Very little detail was offered on just how commercial bearers would go about providing the public safety community with the services identified by CCBG above; or how, or when, they would meet the requirements for a resilient network.

What was clear from the audience questions is that there is considerable unease among public safety professionals as to the current fitness for purpose of the LTE standard and the adequacy of using commercial bearers. 

Speaking to Wireless after the event, British APCO chief executive Tony Antoniou, summed up this concern by saying: ‘There is a huge credibility gap. Technologists have their clear vision of how the mission critical capabilities can be provided over a new technology like LTE. But unless they can engender belief and assurance, among the professional practitioners of public safety, the gap can generate damaging doubt.

‘So, some intense work is needed to reassure our community as to how and why the technology works and is able to deliver the service that we need to save lives on a 24/7 basis, irrespective of any scenario, including 7/7 and worse.’ 

Antoniou points out that if commercial networks are used then Quality of Service (QoS) will be one of the most critical factors in maintaining the emergency service ‘pipe within the pipe’ that represents both a guaranteed ‘amount’ of throughput, and provides priority over other traffic types and other sources and destinations. 

Quality of service

‘QoS works,’ says Antoniou, ‘but it’s only as good as the implementation. We need reassurance here. We also have a huge gap in belief.’ Public safety users will need to be convinced that their commercial partners will recognise when their priority is paramount. The concern is that commercial networks will be reluctant to override the needs of their large corporate customers and ordinary subscribers.

To provide this reassurance Antoniou believes QoS must be backed up by some serious law, but are there any existing written legal precedents that can be used as a model? He also questions who is going to ensure that this is fit for purpose across all the component services and agencies.

Antoniou feels strongly that if the emergency services are to make a major step-change to a new technology by 2016, then all parties need to get behind it to make it a success. A great deal of work needs to be done to ensure the right technical solution is established and underpinned by the right legal framework. 

Above all the emergency services need reassuring that the tools they are going to get are the right ones for them to continue saving lives.
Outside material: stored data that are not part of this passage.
lemma deriv_plateau:
  assumes "0 < c" and "a \<le> b"
  shows "deriv (plateau a b c) x =
    c * (bump (c * x + (1 - c * a)) - bump ((- c) * x + (1 + c * b))) / bump_primitive 1"
proof -
  let ?A = "c * x + (1 - c * a)" and ?B = "(- c) * x + (1 + c * b)"
  have "((\<lambda>y. step (c * y + (1 - c * a))) has_real_derivative bump ?A / bump_primitive 1 * c) (at x)"
    by (rule DERIV_chain2[OF has_real_derivative_step]) (auto intro!: derivative_eq_intros)
  moreover have "((\<lambda>y. step ((- c) * y + (1 + c * b))) has_real_derivative bump ?B / bump_primitive 1 * (- c)) (at x)"
    by (rule DERIV_chain2[OF has_real_derivative_step]) (auto intro!: derivative_eq_intros)
  ultimately have "(plateau a b c has_real_derivative
      (bump ?A / bump_primitive 1 * c) * step ?B + (bump ?B / bump_primitive 1 * (- c)) * step ?A) (at x)"
    unfolding plateau_def[abs_def] by (rule DERIV_mult)
  moreover have "step ?B = 1" if "bump ?A \<noteq> 0"
  proof -
    from that have "?A < 1"
      by (meson bump_eq_0 not_le)
    then have "c * (x - a) < 0"
      by (simp add: algebra_simps)
    then have "x < a"
      using assms by (simp add: mult_less_0_iff)
    then show ?thesis
      using assms mult_left_mono[of x b c] by (auto intro!: step_eq_1 simp: algebra_simps)
  qed
  moreover have "step ?A = 1" if "bump ?B \<noteq> 0"
  proof -
    from that have "?B < 1"
      by (meson bump_eq_0 not_le)
    then have "c * (b - x) < 0"
      by (simp add: algebra_simps)
    then have "b < x"
      using assms by (simp add: mult_less_0_iff)
    then show ?thesis
      using assms mult_left_mono[of a x c] by (auto intro!: step_eq_1 simp: algebra_simps)
  qed
  ultimately show ?thesis
    using bump_primitive_1_pos
    by (cases "bump ?A = 0"; cases "bump ?B = 0") (auto dest!: DERIV_imp_deriv simp: field_simps)
qed

lemma plateau_tendsto_indicator:
  "(\<lambda>n. plateau a b (real (Suc n)) x) \<longlonglongrightarrow> indicator {a..b} x"
proof (cases "x \<in> {a..b}")
  case True
  then show ?thesis by (simp add: plateau_eq_1)
next
  case False
  have large: "\<forall>\<^sub>F n in sequentially. z \<le> real (Suc n)" for z
    using filterlim_compose[OF filterlim_real_sequentially filterlim_Suc]
    unfolding filterlim_at_top by blast
  consider "x < a" | "b < x"
    using False by fastforce
  then have "\<forall>\<^sub>F n in sequentially. plateau a b (real (Suc n)) x = 0"
  proof cases
    case 1
    show ?thesis
      using large[of "1 / (a - x)"]
      by eventually_elim (use 1 in \<open>auto intro!: plateau_eq_0 simp: field_simps\<close>)
  next
    case 2
    show ?thesis
      using large[of "1 / (x - b)"]
      by eventually_elim (use 2 in \<open>auto intro!: plateau_eq_0 simp: field_simps\<close>)
  qed
  with False show ?thesis
    by (simp add: tendsto_eventually)
qed

lemma integrable_mult_bump_affine:
  assumes [measurable]: "f \<in> borel_measurable borel" and bound: "\<And>x. \<bar>f x\<bar> \<le> B" and "c \<noteq> 0"
  shows "integrable lborel (\<lambda>x. f x * bump (c * x + t))"
proof (rule Bochner_Integration.integrable_bound)
  show "integrable lborel (\<lambda>x. B * bump (c * x + t))"
    using lborel_integrable_real_affine[OF integrable_bump \<open>c \<noteq> 0\<close>, of t] by (simp add: add.commute)
  have "0 \<le> B"
    using bound[of 0] by linarith
  then show "AE x in lborel. norm (f x * bump (c * x + t)) \<le> norm (B * bump (c * x + t))"
    using bound bump_nonneg by (intro AE_I2) (simp add: abs_mult mult_right_mono)
qed measurable

lemma integral_mult_bump_affine:
  assumes "c \<noteq> 0"
  shows "(\<integral>x. f x * bump (c * x + t) \<partial>lborel) = (\<integral>y. f ((y - t) / c) * bump y \<partial>lborel) / \<bar>c\<bar>"
proof -
  have "(\<integral>x. f x * bump (c * x + t) \<partial>lborel) =
      \<bar>1 / c\<bar> *\<^sub>R (\<integral>y. f (- t / c + 1 / c * y) * bump (c * (- t / c + 1 / c * y) + t) \<partial>lborel)"
    by (rule lborel_integral_real_affine) (use assms in simp)
  also have "(\<lambda>y. f (- t / c + 1 / c * y) * bump (c * (- t / c + 1 / c * y) + t)) =
      (\<lambda>y. f ((y - t) / c) * bump y)"
    using assms by (simp add: field_simps)
  finally show ?thesis by simp
qed

lemma tendsto_integral_mult_bump:
  assumes "isCont f a" and "\<And>x. \<bar>f x\<bar> \<le> B"
    and [measurable]: "f \<in> borel_measurable borel" "h \<in> borel_measurable borel"
  shows "(\<lambda>n. \<integral>y. f (a + h y / real (Suc n)) * bump y \<partial>lborel) \<longlonglongrightarrow> f a * bump_primitive 1"
proof -
  have "(\<lambda>n. \<integral>y. f (a + h y / real (Suc n)) * bump y \<partial>lborel) \<longlonglongrightarrow> (\<integral>y. f a * bump y \<partial>lborel)"
  proof (rule integral_dominated_convergence[where w="\<lambda>y. B * bump y"])
    show "AE y in lborel. (\<lambda>n. f (a + h y / real (Suc n)) * bump y) \<longlonglongrightarrow> f a * bump y"
    proof (rule AE_I2)
      fix y
      have "(\<lambda>n. a + h y * inverse (real (Suc n))) \<longlonglongrightarrow> a + h y * 0"
        by (intro tendsto_intros LIMSEQ_inverse_real_of_nat)
      then have "(\<lambda>n. f (a + h y / real (Suc n))) \<longlonglongrightarrow> f a"
        using isCont_tendsto_compose[OF assms(1)] by (simp add: divide_inverse)
      then show "(\<lambda>n. f (a + h y / real (Suc n)) * bump y) \<longlonglongrightarrow> f a * bump y"
        by (intro tendsto_intros)
    qed
    show "AE y in lborel. norm (f (a + h y / real (Suc n)) * bump y) \<le> B * bump y" for n
      using assms(2) bump_nonneg by (intro AE_I2) (simp add: abs_mult mult_right_mono)
  qed (use integrable_bump in auto)
  then show ?thesis
    using lebesgue_integral_bump by simp
qed

lemma integral_mult_deriv_plateau:
  assumes [measurable]: "f \<in> borel_measurable borel" and "\<And>x. \<bar>f x\<bar> \<le> B"
    and "0 < c" and "a \<le> b"
  shows "(\<integral>x. f x * deriv (plateau a b c) x \<partial>lborel) =
    ((\<integral>y. f (a + (y - 1) / c) * bump y \<partial>lborel) - (\<integral>y. f (b + (1 - y) / c) * bump y \<partial>lborel))
      / bump_primitive 1"
proof -
  let ?K = "bump_primitive 1"
  let ?X = "\<integral>y. f (a + (y - 1) / c) * bump y \<partial>lborel"
    and ?Y = "\<integral>y. f (b + (1 - y) / c) * bump y \<partial>lborel"
  have "(\<integral>x. f x * deriv (plateau a b c) x \<partial>lborel) =
      (\<integral>x. c / ?K * (f x * bump (c * x + (1 - c * a))) - c / ?K * (f x * bump ((- c) * x + (1 + c * b))) \<partial>lborel)"
    using bump_primitive_1_pos
    by (intro Bochner_Integration.integral_cong) (auto simp: deriv_plateau assms field_simps)
  also have "\<dots> = c / ?K * (\<integral>x. f x * bump (c * x + (1 - c * a)) \<partial>lborel)
      - c / ?K * (\<integral>x. f x * bump ((- c) * x + (1 + c * b)) \<partial>lborel)"
    using integrable_mult_bump_affine[OF assms(1,2), of c] integrable_mult_bump_affine[OF assms(1,2), of "- c"]
      \<open>0 < c\<close> by simp
  also have "(\<integral>x. f x * bump (c * x + (1 - c * a)) \<partial>lborel) = (\<integral>y. f (a + (y - 1) / c) * bump y \<partial>lborel) / c"
  proof -
    have "(y - (1 - c * a)) / c = a + (y - 1) / c" for y
      using \<open>0 < c\<close> by (simp add: field_simps)
    then show ?thesis
      using integral_mult_bump_affine[of c f "1 - c * a"] \<open>0 < c\<close> by simp
  qed
  also have "(\<integral>x. f x * bump ((- c) * x + (1 + c * b)) \<partial>lborel) = (\<integral>y. f (b + (1 - y) / c) * bump y \<partial>lborel) / c"
  proof -
    have "(y - (1 + c * b)) / - c = b + (1 - y) / c" for y
      using \<open>0 < c\<close> by (simp add: field_simps)
    then show ?thesis
      using integral_mult_bump_affine[of "- c" f "1 + c * b"] \<open>0 < c\<close> by simp
  qed
  also have "c / ?K * (?X / c) - c / ?K * (?Y / c) = (?X - ?Y) / ?K"
    using \<open>0 < c\<close> by (simp add: diff_divide_distrib)
  finally show ?thesis .
qed

text \<open>Test the weak derivative against plateaus converging to the indicator of [a, b]: the
  derivatives of the plateaus concentrate at a and b, and dominated convergence handles g.\<close>
lemma weak_deriv_imp_integral_Icc:
  assumes wd: "weak_deriv f g" and cont: "\<And>x. isCont f x"
    and [measurable]: "f \<in> borel_measurable borel" and bound: "\<And>x. \<bar>f x\<bar> \<le> B"
    and [measurable]: "g \<in> borel_measurable borel" and g_int: "\<And>a b. set_integrable lborel {a..b} g"
    and "a \<le> b"
  shows "f b - f a = (LINT x:{a..b}|lborel. g x)"
proof -
  let ?K = "bump_primitive 1" and ?c = "\<lambda>n. real (Suc n)"
  have "(\<lambda>n. (\<integral>x. f x * deriv (plateau a b (?c n)) x \<partial>lborel)) \<longlonglongrightarrow> (f a * ?K - f b * ?K) / ?K"
    unfolding integral_mult_deriv_plateau[OF assms(3) bound of_nat_0_less_iff[THEN iffD2] \<open>a \<le> b\<close>, OF zero_less_Suc]
    by (intro tendsto_intros tendsto_integral_mult_bump[OF cont bound])
       (use bump_primitive_1_pos in auto)
  moreover have "(\<lambda>n. (\<integral>x. f x * deriv (plateau a b (?c n)) x \<partial>lborel)) \<longlonglongrightarrow> - (\<integral>x. g x * indicator {a..b} x \<partial>lborel)"
  proof -
    have "(\<lambda>n. \<integral>x. g x * plateau a b (?c n) x \<partial>lborel) \<longlonglongrightarrow> (\<integral>x. g x * indicator {a..b} x \<partial>lborel)"
    proof (rule integral_dominated_convergence[where w="\<lambda>x. indicator {a - 1..b + 1} x * \<bar>g x\<bar>"])
      show "integrable lborel (\<lambda>x. indicator {a - 1..b + 1} x * \<bar>g x\<bar>)"
        using integrable_norm[OF g_int[of "a - 1" "b + 1", unfolded set_integrable_def]]
        by (simp add: abs_mult)
      show "AE x in lborel. (\<lambda>n. g x * plateau a b (?c n) x) \<longlonglongrightarrow> g x * indicator {a..b} x"
        by (intro AE_I2 tendsto_intros plateau_tendsto_indicator)
      show "AE x in lborel. norm (g x * plateau a b (?c n) x) \<le> indicator {a - 1..b + 1} x * \<bar>g x\<bar>" for n
        using plateau_nonneg plateau_le_1 plateau_eq_0_outside[of "?c n"]
        by (intro AE_I2) (auto simp: abs_mult indicator_def mult_left_le)
    qed measurable
    moreover have "(\<integral>x. f x * deriv (plateau a b (?c n)) x \<partial>lborel) = - (\<integral>x. g x * plateau a b (?c n) x \<partial>lborel)" for n
      using wd test_fun_plateau[of "?c n"] unfolding weak_deriv_def by simp
    ultimately show ?thesis
      by (simp add: tendsto_minus_cancel_left)
  qed
  ultimately have "(f a * ?K - f b * ?K) / ?K = - (\<integral>x. g x * indicator {a..b} x \<partial>lborel)"
    by (rule LIMSEQ_unique)
  moreover have "(f a * ?K - f b * ?K) / ?K = f a - f b"
    using bump_primitive_1_pos by (simp add: left_diff_distrib[symmetric])
  ultimately have "f b - f a = (\<integral>x. g x * indicator {a..b} x \<partial>lborel)"
    by linarith
  then show ?thesis
    by (simp add: set_lebesgue_integral_def mult.commute)
qed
The culture change will be considerable, so Government needs to take the emergency services with them when it finally decides on what its ESMCP solution will be.

To do this he says Government must mandate the successful implementation of what he calls the four Cs: 

Capacity

Capability: the minimum requirement is the capabilities public safety has today with TETRA – talk groups, red button, push-to-talk, priority, pre-emption, etc

Coverage: solid reassurance that if anything coverage will benefit from moving to a new technology – e.g. better in-building coverage and it ought to cover existing challenges over coverage in remote locations, open spaces and locations incorporating critical national infrastructure and assets 

Criticality: a guarantee that when the emergency services need the network it is there and they can do what they need to – priority, pre-emption, smart implementation of QoS etc; resilience – that there is a planned fallback if emergency service communication devices do not work, so they can still save lives.

‘My own view is that we haven’t got to get into a crusade here. I think these messages are already understood, but it is not just a case of implementing a clever technical solution; hearts and minds need to be won, so the support of all parties is really necessary,’ says Antoniou.

‘We think B-APCO can help here and we are actively planning events to help people understand the issues. We have close ties with the APCO in the US, so we hope to bring experiences and learnings from the roll-out of the US FirstNet LTE public safety network to the UK.’